Immunisation is also recommended for adults and may relate to your age, your Indigenous status, your occupation, if you have had injury or illness, your vaccination history, plans to travel, if you are planning to start a family or just part of staying healthy.
Parents, grandparents and carers in particular, who come into contact with young children are commonly carriers of some childhood infections and should be vaccinated against these diseases.
2. If enough people in the community are immunised, the infection can no longer be spread from person to person and the disease dies out altogether. This is how smallpox was eliminated from the world and polio has disappeared from many countries.

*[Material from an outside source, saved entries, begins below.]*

(* For every integer $n\geq 1$, the polynomial $L_n(q)=\sum_{s=0}^{n} L_{n,s}\,q^s$ is unimodal; that is, there is an index $m$ with $L_{n,0}\leq L_{n,1}\leq\cdots\leq L_{n,m}\geq L_{n,m+1}\geq\cdots\geq L_{n,n}$.
   Context: A linear chord diagram with $n$ chords is a partition of $[2n]=\{1,2,\dots,2n\}$ into $n$ blocks of size two, called chords (equivalently, a perfect matching of $[2n]$). For a chord $\{a,b\}$ with $a<b$, its length is $b-a$. A short chord is a chord of length one, i.e. a chord of the form $\{i,i+1\}$. For $0\le s\le n$, $L_{n,s}$ denotes the number of linear chord diagrams with $n$ chords having exactly $s$ short chords. *)

theory Defs
  imports Main
begin

definition chord_diagrams :: "nat \<Rightarrow> nat set set set" where
  "chord_diagrams n = {P. (\<Union>P) = {1..2*n} \<and> (\<forall>c\<in>P. card c = 2)
      \<and> (\<forall>c\<in>P. \<forall>d\<in>P. c \<noteq> d \<longrightarrow> c \<inter> d = {})}"

definition short_chords :: "nat set set \<Rightarrow> nat set set" where
  "short_chords P = {c\<in>P. \<exists>i. c = {i, Suc i}}"

definition L :: "nat \<Rightarrow> nat \<Rightarrow> nat" where
  "L n s = card {P \<in> chord_diagrams n. card (short_chords P) = s}"

end

theory Submission
  imports Defs
begin

text \<open>Removing a chord \<open>{p, q}\<close> from a diagram with \<open>m + 1\<close> chords and relabelling the
  other points increasingly is, for each fixed \<open>p < q\<close>, a bijection onto the diagrams with \<open>m\<close>
  chords. Counting diagrams with a marked short chord this way gives
  \<open>s L(m+1, s) = s L(m, s) + (2m + 2 - s) L(m, s - 1)\<close> for \<open>s \<ge> 1\<close>: inserting a short chord into
  one of the \<open>2m + 1\<close> gaps breaks the short chord spanning that gap, if there is one. Sorting the
  diagrams without short chords by the partner of the last point gives
  \<open>L(m+1, 0) = 2m L(m, 0) + L(m, 1)\<close>. Hence \<open>L(n, 1) = L(n, 0) + L(n-1, 0) \<ge> L(n, 0)\<close>, and the first
  recurrence carries \<open>L(n, s+1) \<le> L(n, s)\<close> for all \<open>s \<ge> 1\<close> from \<open>n\<close> to \<open>n + 1\<close>, starting at \<open>n = 2\<close>;
  so the mode is \<open>s = 1\<close>.\<close>

section \<open>Inserting and removing a chord\<close>

text \<open>For \<open>p < q\<close>, \<open>skip_pair p q\<close> enumerates \<open>\<nat> - {p, q}\<close> increasingly; it relabels the points
  of a diagram into which the chord \<open>{p, q}\<close> is inserted, and \<open>unskip_pair p q\<close> undoes it.\<close>

definition skip_pair :: "nat \<Rightarrow> nat \<Rightarrow> nat \<Rightarrow> nat" where
  "skip_pair p q x = (if x < p then x else if Suc x < q then Suc x else Suc (Suc x))"

definition unskip_pair :: "nat \<Rightarrow> nat \<Rightarrow> nat \<Rightarrow> nat" where
  "unskip_pair p q y = (if y < p then y else if y < q then y - 1 else y - 2)"

definition insert_chord :: "nat \<Rightarrow> nat \<Rightarrow> nat set set \<Rightarrow> nat set set" where
  "insert_chord p q D = insert {p, q} ((`) (skip_pair p q) ` D)"

definition remove_chord :: "nat \<Rightarrow> nat \<Rightarrow> nat set set \<Rightarrow> nat set set" where
  "remove_chord p q D = (`) (unskip_pair p q) ` (D - {{p, q}})"
(* Let $U$ be a connected graph containing exactly one cycle, where the cycle has an even number of vertices, exactly one vertex of the cycle has degree $3$ in $U$, and all other vertices of the cycle have degree $2$ in $U$. Let $\Delta$ be the distance squared matrix of $U$. If $U$ has at least one vertex of degree $2$ that is not on the cycle, then $i_0(\Delta)\ge 1$.
   Context: For a connected graph with vertices $1,\dots,n$, the distance squared matrix is the matrix with $(i,j)$ entry $d_{ij}^2$, where $d_{ij}$ is the graph distance between $i$ and $j$. For a real symmetric matrix $M$, $i_0(M)$ denotes the multiplicity of $0$ as an eigenvalue of $M$. *)

theory Defs
  imports "Jordan_Normal_Form.Char_Poly"
begin

definition simple_graph :: "nat \<Rightarrow> (nat \<Rightarrow> nat \<Rightarrow> bool) \<Rightarrow> bool" where
  "simple_graph n E \<longleftrightarrow> (\<forall>u v. E u v \<longrightarrow> u < n \<and> v < n) \<and> (\<forall>u v. E u v \<longrightarrow> E v u) \<and> (\<forall>u. \<not> E u u)"

fun walk :: "(nat \<Rightarrow> nat \<Rightarrow> bool) \<Rightarrow> nat list \<Rightarrow> bool" where
  "walk E [] = True"
| "walk E [x] = True"
| "walk E (x # y # xs) = (E x y \<and> walk E (y # xs))"

definition walk_of_len :: "(nat \<Rightarrow> nat \<Rightarrow> bool) \<Rightarrow> nat \<Rightarrow> nat \<Rightarrow> nat \<Rightarrow> nat list \<Rightarrow> bool" where
  "walk_of_len E u v k xs \<longleftrightarrow> walk E xs \<and> xs \<noteq> [] \<and> hd xs = u \<and> last xs = v \<and> length xs = Suc k"

definition connected_graph :: "nat \<Rightarrow> (nat \<Rightarrow> nat \<Rightarrow> bool) \<Rightarrow> bool" where
  "connected_graph n E \<longleftrightarrow> (\<forall>u<n. \<forall>v<n. \<exists>k xs. walk_of_len E u v k xs)"

definition gdist :: "(nat \<Rightarrow> nat \<Rightarrow> bool) \<Rightarrow> nat \<Rightarrow> nat \<Rightarrow> nat" where
  "gdist E u v = (LEAST k. \<exists>xs. walk_of_len E u v k xs)"

definition degree :: "nat \<Rightarrow> (nat \<Rightarrow> nat \<Rightarrow> bool) \<Rightarrow> nat \<Rightarrow> nat" where
  "degree n E v = card {w. w < n \<and> E v w}"

definition is_cycle :: "nat \<Rightarrow> (nat \<Rightarrow> nat \<Rightarrow> bool) \<Rightarrow> nat list \<Rightarrow> bool" where
  "is_cycle n E cs \<longleftrightarrow> length cs \<ge> 3 \<and> distinct cs \<and> set cs \<subseteq> {0..<n} \<and> walk E cs \<and> E (last cs) (hd cs)"

text \<open>The edge set of a cycle; two cycle lists represent the same cycle (subgraph) iff their edge sets agree.\<close>
definition cycle_edges :: "nat list \<Rightarrow> nat set set" where
  "cycle_edges cs = {{cs ! i, cs ! ((i + 1) mod length cs)} | i. i < length cs}"

definition dist_sq_matrix :: "nat \<Rightarrow> (nat \<Rightarrow> nat \<Rightarrow> bool) \<Rightarrow> real mat" where
  "dist_sq_matrix n E = mat n n (\<lambda>(i, j). (real (gdist E i j))^2)"

text \<open>Multiplicity of 0 as an eigenvalue (algebraic multiplicity; equals geometric for symmetric matrices).\<close>
definition i0 :: "real mat \<Rightarrow> nat" where
  "i0 M = order 0 (char_poly M)"

end

theory Submission
  imports Defs
begin

text \<open>
  The distance squared matrix has an explicit kernel vector. Let the cycle have length \<open>2k\<close>,
  let \<open>v\<close> be its vertex of degree 3, \<open>t\<close> the neighbour of \<open>v\<close> off the cycle, \<open>u\<close> the vertex of
  the cycle opposite to \<open>v\<close>, and \<open>w\<close> a vertex of degree 2 off the cycle, with neighbours
  \<open>a\<close> and \<open>b\<close>. Since \<open>v\<close> separates the cycle from the rest of the graph, every vertex \<open>x\<close>
  satisfies \<open>d(x,u)\<^sup>2 + k d(x,t)\<^sup>2 - (k+1) d(x,v)\<^sup>2 = k(k+1)\<close>; since the graph has only
  one cycle, \<open>w\<close> separates \<open>a\<close> from \<open>b\<close>, so \<open>d(x,a)\<^sup>2 - 2 d(x,w)\<^sup>2 + d(x,b)\<^sup>2 = 2\<close>.
  Hence \<open>2 (e\<^sub>u + k e\<^sub>t - (k+1) e\<^sub>v) - k(k+1) (e\<^sub>a - 2 e\<^sub>w + e\<^sub>b)\<close> is in the kernel.
\<close>

lemma walk_Cons: "walk E (x # xs) \<longleftrightarrow> walk E xs \<and> (xs \<noteq> [] \<longrightarrow> E x (hd xs))"
  by (cases xs) auto

lemma walk_append:
  "walk E (xs @ ys) \<longleftrightarrow> walk E xs \<and> walk E ys \<and> (xs \<noteq> [] \<and> ys \<noteq> [] \<longrightarrow> E (last xs) (hd ys))"
  by (induction xs) (auto simp: walk_Cons)

lemma walk_rev: "(\<And>x y. E x y \<Longrightarrow> E y x) \<Longrightarrow> walk E xs \<Longrightarrow> walk E (rev xs)"
  by (induction xs) (auto simp: walk_Cons walk_append hd_rev last_rev)

lemma walk_take: "walk E xs \<Longrightarrow> walk E (take m xs)"
  using walk_append[of E "take m xs" "drop m xs"] by simp

lemma walk_nth: "walk E xs \<Longrightarrow> Suc i < length xs \<Longrightarrow> E (xs ! i) (xs ! Suc i)"
proof (induction xs arbitrary: i)
  case (Cons x xs)
  then show ?case by (cases i) (auto simp: walk_Cons hd_conv_nth)
qed simp

lemma walk_to_path:
  assumes "walk E xs" "xs \<noteq> []"
  shows "\<exists>ys. walk E ys \<and> distinct ys \<and> ys \<noteq> [] \<and> hd ys = hd xs \<and> last ys = last xs \<and> set ys \<subseteq> set xs"
  using assms
proof (induction "length xs" arbitrary: xs rule: less_induct)
  case less
  show ?case
  proof (cases "distinct xs")
    case False
    then obtain us y vs ws where xs: "xs = us @ [y] @ vs @ [y] @ ws"
      using not_distinct_decomp by blast
    let ?xs' = "us @ [y] @ ws"
    have "walk E ?xs'" "hd ?xs' = hd xs" "last ?xs' = last xs" "set ?xs' \<subseteq> set xs"
      using less.prems(1) unfolding xs by (auto simp: walk_append walk_Cons hd_append)
    moreover have "length ?xs' < length xs" unfolding xs by simp
    ultimately show ?thesis using less.hyps[of ?xs'] by fastforce
  qed (use less.prems in blast)
qed

lemma walk_of_len_rev:
  "(\<And>x y. E x y \<Longrightarrow> E y x) \<Longrightarrow> walk_of_len E u v k xs \<Longrightarrow> walk_of_len E v u k (rev xs)"
  unfolding walk_of_len_def by (auto simp: walk_rev hd_rev last_rev)

lemma walk_of_len_append:
  "walk_of_len E u v k xs \<Longrightarrow> walk_of_len E v w l ys \<Longrightarrow> walk_of_len E u w (k + l) (xs @ tl ys)"
  by (cases ys) (auto simp: walk_of_len_def walk_Cons walk_append)

lemma gdist_le: "walk_of_len E u v k xs \<Longrightarrow> gdist E u v \<le> k"
  unfolding gdist_def by (rule Least_le) blast

lemma gdist_shortest_walk: "walk_of_len E u v k xs \<Longrightarrow> \<exists>ys. walk_of_len E u v (gdist E u v) ys"
  unfolding gdist_def by (rule LeastI_ex) blast

lemma gdist_self [simp]: "gdist E u u = 0"
  using gdist_le[of E u u 0 "[u]"] by (simp add: walk_of_len_def)

lemma gdist_walk_vertex:
  assumes "walk_of_len E x y k xs" "z \<in> set xs" "z \<noteq> y"
  shows "gdist E x z < k"
proof -
  obtain i where i: "i < length xs" "xs ! i = z" using assms(2) by (auto simp: in_set_conv_nth)
  have len: "length xs = Suc k" using assms(1) unfolding walk_of_len_def by simp
  have "i \<noteq> k" using assms(1,3) i len unfolding walk_of_len_def by (auto simp: last_conv_nth)
  with i len have "i < k" by simp
  with assms(1) i len have "walk_of_len E x z i (take (Suc i) xs)"
    unfolding walk_of_len_def by (auto simp: walk_take hd_conv_nth last_conv_nth min_def)
  with \<open>i < k\<close> show ?thesis using gdist_le by fastforce
qed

Why Immuniations are free?
The National Immunisation Program (NIP) Schedule lists the diseases for which immunisation is available and the ages at which doses should be given for those currently funded by the government.
Children under 7 years of age are eligible under the National Immunisation Program to receive free vaccinations against Chickenpox, Diphtheria, Haemophilus Influenza Type B (Hib), Hepatitis A, Hepatitis B, Measles, Meningococcal C, Mumps, Pneumococcal, Polio, Rotavirus, Rubella, Tetanus and Whooping Cough.
Currently, adolescents are eligible under the National Immunisation Program to receive free vaccinations against Chickenpox, Diphtheria, Hepatitis B, Tetanus and Whooping Cough. There is also a free vaccine for females against Human Papillomavirus (HPV), the virus which can cause cervical cancer. The School Based Vaccination Program provides parents with the opportunity to have their child vaccinated at no cost through their school.
Under the National Immunisation Program vaccination is free against Diphtheria, Tetanus and Whooping Cough for new parents; Influenza for people 65 years and over, Aboriginal and Torres Strait Islanders, and pregnant women. Vaccination is also free against Pneumococcal for people aged 65 years and over, Aboriginal and Torres Strait Islanders.
Where can I go for immunisation?
Vaccination is available at bulk billing services throughout the Livingstone Shire at no cost to the patient in certain circumstances. Contact your local GP or medical centre for more information.
For more information on immunisation visit the Queensland Health website or call 13 HEALTH (43 25 84).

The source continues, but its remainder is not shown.